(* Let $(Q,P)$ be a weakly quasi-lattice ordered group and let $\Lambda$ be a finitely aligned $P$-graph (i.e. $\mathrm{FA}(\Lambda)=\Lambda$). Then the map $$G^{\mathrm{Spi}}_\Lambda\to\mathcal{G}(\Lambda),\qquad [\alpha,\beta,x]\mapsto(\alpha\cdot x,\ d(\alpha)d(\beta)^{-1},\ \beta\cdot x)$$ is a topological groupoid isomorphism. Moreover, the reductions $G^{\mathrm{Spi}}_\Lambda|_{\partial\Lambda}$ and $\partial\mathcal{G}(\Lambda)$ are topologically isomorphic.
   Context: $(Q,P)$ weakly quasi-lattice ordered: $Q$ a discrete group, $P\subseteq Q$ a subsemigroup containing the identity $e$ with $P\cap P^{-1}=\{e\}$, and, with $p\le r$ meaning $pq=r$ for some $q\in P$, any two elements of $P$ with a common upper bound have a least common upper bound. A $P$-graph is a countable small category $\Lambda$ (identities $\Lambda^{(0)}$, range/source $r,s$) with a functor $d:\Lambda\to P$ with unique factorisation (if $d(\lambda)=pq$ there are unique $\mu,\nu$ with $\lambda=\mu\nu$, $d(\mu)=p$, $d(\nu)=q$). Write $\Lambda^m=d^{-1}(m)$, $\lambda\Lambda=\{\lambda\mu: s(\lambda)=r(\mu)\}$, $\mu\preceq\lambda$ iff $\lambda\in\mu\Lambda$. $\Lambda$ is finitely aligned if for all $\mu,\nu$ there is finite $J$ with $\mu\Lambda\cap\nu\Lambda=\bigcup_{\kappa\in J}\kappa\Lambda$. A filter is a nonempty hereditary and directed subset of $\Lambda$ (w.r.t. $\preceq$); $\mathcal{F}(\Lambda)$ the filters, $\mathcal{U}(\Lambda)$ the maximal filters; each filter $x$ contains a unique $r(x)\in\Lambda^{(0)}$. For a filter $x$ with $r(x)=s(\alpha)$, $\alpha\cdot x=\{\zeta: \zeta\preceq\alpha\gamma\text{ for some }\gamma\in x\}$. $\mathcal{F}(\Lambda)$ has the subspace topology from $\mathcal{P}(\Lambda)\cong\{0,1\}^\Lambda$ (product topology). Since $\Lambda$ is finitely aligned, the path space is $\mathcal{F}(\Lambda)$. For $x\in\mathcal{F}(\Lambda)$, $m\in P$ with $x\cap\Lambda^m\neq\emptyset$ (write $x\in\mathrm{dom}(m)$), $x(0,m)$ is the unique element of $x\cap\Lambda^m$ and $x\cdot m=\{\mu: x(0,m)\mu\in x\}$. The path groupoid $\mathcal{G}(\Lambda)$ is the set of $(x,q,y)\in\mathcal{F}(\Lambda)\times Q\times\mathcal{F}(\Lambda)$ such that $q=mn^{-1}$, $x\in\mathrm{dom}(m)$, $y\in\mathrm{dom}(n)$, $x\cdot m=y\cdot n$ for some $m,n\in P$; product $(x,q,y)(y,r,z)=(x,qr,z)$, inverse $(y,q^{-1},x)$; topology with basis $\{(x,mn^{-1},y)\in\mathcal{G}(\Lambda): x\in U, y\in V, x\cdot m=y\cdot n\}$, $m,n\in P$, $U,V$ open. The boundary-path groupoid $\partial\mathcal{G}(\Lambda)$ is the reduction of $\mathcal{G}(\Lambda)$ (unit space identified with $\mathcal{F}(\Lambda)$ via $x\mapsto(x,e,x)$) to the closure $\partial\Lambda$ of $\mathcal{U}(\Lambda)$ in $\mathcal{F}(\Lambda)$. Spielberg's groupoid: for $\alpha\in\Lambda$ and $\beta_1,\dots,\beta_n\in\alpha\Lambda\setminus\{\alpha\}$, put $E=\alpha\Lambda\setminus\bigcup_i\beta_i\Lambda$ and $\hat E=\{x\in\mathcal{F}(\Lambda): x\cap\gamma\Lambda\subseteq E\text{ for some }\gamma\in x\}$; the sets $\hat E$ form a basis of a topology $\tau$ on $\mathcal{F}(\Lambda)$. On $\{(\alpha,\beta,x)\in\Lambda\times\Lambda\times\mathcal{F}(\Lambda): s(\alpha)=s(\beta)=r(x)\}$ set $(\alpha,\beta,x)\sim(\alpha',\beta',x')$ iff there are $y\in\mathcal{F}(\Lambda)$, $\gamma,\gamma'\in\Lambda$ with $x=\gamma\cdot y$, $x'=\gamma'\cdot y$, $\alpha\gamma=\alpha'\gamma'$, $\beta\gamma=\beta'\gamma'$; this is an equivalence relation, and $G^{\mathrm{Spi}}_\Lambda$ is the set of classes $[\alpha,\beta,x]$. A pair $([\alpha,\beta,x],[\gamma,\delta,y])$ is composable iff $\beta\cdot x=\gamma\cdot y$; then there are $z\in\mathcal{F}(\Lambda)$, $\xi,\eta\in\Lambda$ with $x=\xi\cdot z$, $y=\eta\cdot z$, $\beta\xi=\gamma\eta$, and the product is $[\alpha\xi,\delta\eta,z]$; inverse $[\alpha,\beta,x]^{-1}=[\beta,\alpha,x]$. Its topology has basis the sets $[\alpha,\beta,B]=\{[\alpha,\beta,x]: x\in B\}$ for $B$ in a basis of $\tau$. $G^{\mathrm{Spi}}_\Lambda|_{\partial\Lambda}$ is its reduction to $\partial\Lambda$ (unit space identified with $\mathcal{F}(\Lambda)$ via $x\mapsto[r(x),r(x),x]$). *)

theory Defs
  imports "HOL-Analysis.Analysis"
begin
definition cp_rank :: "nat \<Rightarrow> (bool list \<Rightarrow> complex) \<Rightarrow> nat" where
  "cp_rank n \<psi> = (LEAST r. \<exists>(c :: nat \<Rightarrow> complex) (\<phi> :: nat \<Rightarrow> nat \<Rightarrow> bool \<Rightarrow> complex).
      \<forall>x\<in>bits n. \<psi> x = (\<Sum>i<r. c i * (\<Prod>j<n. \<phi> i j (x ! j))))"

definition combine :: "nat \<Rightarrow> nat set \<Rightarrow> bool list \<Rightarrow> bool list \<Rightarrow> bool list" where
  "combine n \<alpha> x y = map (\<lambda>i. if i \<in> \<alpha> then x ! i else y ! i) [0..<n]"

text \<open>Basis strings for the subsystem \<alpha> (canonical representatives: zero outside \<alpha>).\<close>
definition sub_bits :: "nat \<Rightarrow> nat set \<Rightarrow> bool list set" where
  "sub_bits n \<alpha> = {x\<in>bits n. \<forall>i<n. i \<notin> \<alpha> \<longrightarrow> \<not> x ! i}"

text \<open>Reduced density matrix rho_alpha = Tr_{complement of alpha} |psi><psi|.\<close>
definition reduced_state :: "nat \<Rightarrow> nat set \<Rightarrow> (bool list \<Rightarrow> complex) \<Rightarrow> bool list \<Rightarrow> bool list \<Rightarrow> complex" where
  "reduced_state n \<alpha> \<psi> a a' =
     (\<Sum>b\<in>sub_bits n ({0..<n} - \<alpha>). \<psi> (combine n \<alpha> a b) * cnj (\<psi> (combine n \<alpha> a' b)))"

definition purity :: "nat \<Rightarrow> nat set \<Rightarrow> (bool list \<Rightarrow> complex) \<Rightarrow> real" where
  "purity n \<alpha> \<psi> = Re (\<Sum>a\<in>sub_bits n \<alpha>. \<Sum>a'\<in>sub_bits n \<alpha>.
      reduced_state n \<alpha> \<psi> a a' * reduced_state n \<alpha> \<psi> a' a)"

REQUIREMENT =
Could you output every entry above exactly as it stands?

SOLUTION =
(* Let $(Q,P)$ be a weakly quasi-lattice ordered group and let $\Lambda$ be a finitely aligned $P$-graph (i.e. $\mathrm{FA}(\Lambda)=\Lambda$). Then the map $$G^{\mathrm{Spi}}_\Lambda\to\mathcal{G}(\Lambda),\qquad [\alpha,\beta,x]\mapsto(\alpha\cdot x,\ d(\alpha)d(\beta)^{-1},\ \beta\cdot x)$$ is a topological groupoid isomorphism. Moreover, the reductions $G^{\mathrm{Spi}}_\Lambda|_{\partial\Lambda}$ and $\partial\mathcal{G}(\Lambda)$ are topologically isomorphic.
   Context: $(Q,P)$ weakly quasi-lattice ordered: $Q$ a discrete group, $P\subseteq Q$ a subsemigroup containing the identity $e$ with $P\cap P^{-1}=\{e\}$, and, with $p\le r$ meaning $pq=r$ for some $q\in P$, any two elements of $P$ with a common upper bound have a least common upper bound. A $P$-graph is a countable small category $\Lambda$ (identities $\Lambda^{(0)}$, range/source $r,s$) with a functor $d:\Lambda\to P$ with unique factorisation (if $d(\lambda)=pq$ there are unique $\mu,\nu$ with $\lambda=\mu\nu$, $d(\mu)=p$, $d(\nu)=q$). Write $\Lambda^m=d^{-1}(m)$, $\lambda\Lambda=\{\lambda\mu: s(\lambda)=r(\mu)\}$, $\mu\preceq\lambda$ iff $\lambda\in\mu\Lambda$. $\Lambda$ is finitely aligned if for all $\mu,\nu$ there is finite $J$ with $\mu\Lambda\cap\nu\Lambda=\bigcup_{\kappa\in J}\kappa\Lambda$. A filter is a nonempty hereditary and directed subset of $\Lambda$ (w.r.t. $\preceq$); $\mathcal{F}(\Lambda)$ the filters, $\mathcal{U}(\Lambda)$ the maximal filters; each filter $x$ contains a unique $r(x)\in\Lambda^{(0)}$. For a filter $x$ with $r(x)=s(\alpha)$, $\alpha\cdot x=\{\zeta: \zeta\preceq\alpha\gamma\text{ for some }\gamma\in x\}$. $\mathcal{F}(\Lambda)$ has the subspace topology from $\mathcal{P}(\Lambda)\cong\{0,1\}^\Lambda$ (product topology). Since $\Lambda$ is finitely aligned, the path space is $\mathcal{F}(\Lambda)$. For $x\in\mathcal{F}(\Lambda)$, $m\in P$ with $x\cap\Lambda^m\neq\emptyset$ (write $x\in\mathrm{dom}(m)$), $x(0,m)$ is the unique element of $x\cap\Lambda^m$ and $x\cdot m=\{\mu: x(0,m)\mu\in x\}$. The path groupoid $\mathcal{G}(\Lambda)$ is the set of $(x,q,y)\in\mathcal{F}(\Lambda)\times Q\times\mathcal{F}(\Lambda)$ such that $q=mn^{-1}$, $x\in\mathrm{dom}(m)$, $y\in\mathrm{dom}(n)$, $x\cdot m=y\cdot n$ for some $m,n\in P$; product $(x,q,y)(y,r,z)=(x,qr,z)$, inverse $(y,q^{-1},x)$; topology with basis $\{(x,mn^{-1},y)\in\mathcal{G}(\Lambda): x\in U, y\in V, x\cdot m=y\cdot n\}$, $m,n\in P$, $U,V$ open. The boundary-path groupoid $\partial\mathcal{G}(\Lambda)$ is the reduction of $\mathcal{G}(\Lambda)$ (unit space identified with $\mathcal{F}(\Lambda)$ via $x\mapsto(x,e,x)$) to the closure $\partial\Lambda$ of $\mathcal{U}(\Lambda)$ in $\mathcal{F}(\Lambda)$. Spielberg's groupoid: for $\alpha\in\Lambda$ and $\beta_1,\dots,\beta_n\in\alpha\Lambda\setminus\{\alpha\}$, put $E=\alpha\Lambda\setminus\bigcup_i\beta_i\Lambda$ and $\hat E=\{x\in\mathcal{F}(\Lambda): x\cap\gamma\Lambda\subseteq E\text{ for some }\gamma\in x\}$; the sets $\hat E$ form a basis of a topology $\tau$ on $\mathcal{F}(\Lambda)$. On $\{(\alpha,\beta,x)\in\Lambda\times\Lambda\times\mathcal{F}(\Lambda): s(\alpha)=s(\beta)=r(x)\}$ set $(\alpha,\beta,x)\sim(\alpha',\beta',x')$ iff there are $y\in\mathcal{F}(\Lambda)$, $\gamma,\gamma'\in\Lambda$ with $x=\gamma\cdot y$, $x'=\gamma'\cdot y$, $\alpha\gamma=\alpha'\gamma'$, $\beta\gamma=\beta'\gamma'$; this is an equivalence relation, and $G^{\mathrm{Spi}}_\Lambda$ is the set of classes $[\alpha,\beta,x]$. A pair $([\alpha,\beta,x],[\gamma,\delta,y])$ is composable iff $\beta\cdot x=\gamma\cdot y$; then there are $z\in\mathcal{F}(\Lambda)$, $\xi,\eta\in\Lambda$ with $x=\xi\cdot z$, $y=\eta\cdot z$, $\beta\xi=\gamma\eta$, and the product is $[\alpha\xi,\delta\eta,z]$; inverse $[\alpha,\beta,x]^{-1}=[\beta,\alpha,x]$. Its topology has basis the sets $[\alpha,\beta,B]=\{[\alpha,\beta,x]: x\in B\}$ for $B$ in a basis of $\tau$. $G^{\mathrm{Spi}}_\Lambda|_{\partial\Lambda}$ is its reduction to $\partial\Lambda$ (unit space identified with $\mathcal{F}(\Lambda)$ via $x\mapsto[r(x),r(x),x]$). *)

theory Defs
  imports "HOL-Analysis.Analysis"
begin
definition cp_rank :: "nat \<Rightarrow> (bool list \<Rightarrow> complex) \<Rightarrow> nat" where
  "cp_rank n \<psi> = (LEAST r. \<exists>(c :: nat \<Rightarrow> complex) (\<phi> :: nat \<Rightarrow> nat \<Rightarrow> bool \<Rightarrow> complex).
      \<forall>x\<in>bits n. \<psi> x = (\<Sum>i<r. c i * (\<Prod>j<n. \<phi> i j (x ! j))))"

definition combine :: "nat \<Rightarrow> nat set \<Rightarrow> bool list \<Rightarrow> bool list \<Rightarrow> bool list" where
  "combine n \<alpha> x y = map (\<lambda>i. if i \<in> \<alpha> then x ! i else y ! i) [0..<n]"

text \<open>Basis strings for the subsystem \<alpha> (canonical representatives: zero outside \<alpha>).\<close>
definition sub_bits :: "nat \<Rightarrow> nat set \<Rightarrow> bool list set" where
  "sub_bits n \<alpha> = {x\<in>bits n. \<forall>i<n. i \<notin> \<alpha> \<longrightarrow> \<not> x ! i}"

text \<open>Reduced density matrix rho_alpha = Tr_{complement of alpha} |psi><psi|.\<close>
definition reduced_state :: "nat \<Rightarrow> nat set \<Rightarrow> (bool list \<Rightarrow> complex) \<Rightarrow> bool list \<Rightarrow> bool list \<Rightarrow> complex" where
  "reduced_state n \<alpha> \<psi> a a' =
     (\<Sum>b\<in>sub_bits n ({0..<n} - \<alpha>). \<psi> (combine n \<alpha> a b) * cnj (\<psi> (combine n \<alpha> a' b)))"

definition purity :: "nat \<Rightarrow> nat set \<Rightarrow> (bool list \<Rightarrow> complex) \<Rightarrow> real" where
  "purity n \<alpha> \<psi> = Re (\<Sum>a\<in>sub_bits n \<alpha>. \<Sum>a'\<in>sub_bits n \<alpha>.
      reduced_state n \<alpha> \<psi> a a' * reduced_state n \<alpha> \<psi> a' a)"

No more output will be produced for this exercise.